-- Source material follows --

lemma unit_circle_chord:
  assumes "norm x = 1" and "norm y = 1" and "x \<noteq> y"
  obtains p d where "0 < d" "d < pi" "x = cis (p - d)" "y = cis (p + d)"
proof -
  have on_circle: "z = cis (Arg z)" if "norm z = 1" for z :: complex
  proof -
    have "z \<noteq> 0" using that by auto
    then show ?thesis using cis_Arg[of z] that by (simp add: sgn_div_norm)
  qed
  obtain \<theta> \<theta>' where x: "x = cis \<theta>" and y0: "y = cis \<theta>'"
    using on_circle assms(1,2) by blast
  define e where "e = 2 * pi * frac ((\<theta>' - \<theta>) / (2 * pi))"
  have e_bounds: "0 \<le> e" "e < 2 * pi"
    by (simp_all add: e_def frac_lt_1)
  have "\<theta> + e = \<theta>' + of_int (- \<lfloor>(\<theta>' - \<theta>) / (2 * pi)\<rfloor>) * (2 * pi)"
    by (simp add: e_def frac_def field_simps)
  then have "cis (\<theta> + e) = cis \<theta>'" unfolding cis_eq_cis_iff by blast
  then have y: "y = cis (\<theta> + e)" using y0 by simp
  have "e \<noteq> 0" using assms(3) x y by auto
  show thesis
  proof (rule that)
    show "0 < e / 2" "e / 2 < pi" using e_bounds \<open>e \<noteq> 0\<close> by simp_all
    show "x = cis ((\<theta> + e / 2) - e / 2)" "y = cis ((\<theta> + e / 2) + e / 2)" using x y by (simp_all add: add.commute)
  qed
qed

-- Source material concluded --

### What the task asks
Only the lines above starting at the line that holds "then show ?thesis" and ending at the line that holds "define e where" are to be repeated, exactly and in full.

### Reply to the task
    then show ?thesis using cis_Arg[of z] that by (simp add: sgn_div_norm)
  qed
  obtain \<theta> \<theta>' where x: "x = cis \<theta>" and y0: "y = cis \<theta>'"
    using on_circle assms(1,2) by blast
  define e where "e = 2 * pi * frac ((\<theta>' - \<theta>) / (2 * pi))"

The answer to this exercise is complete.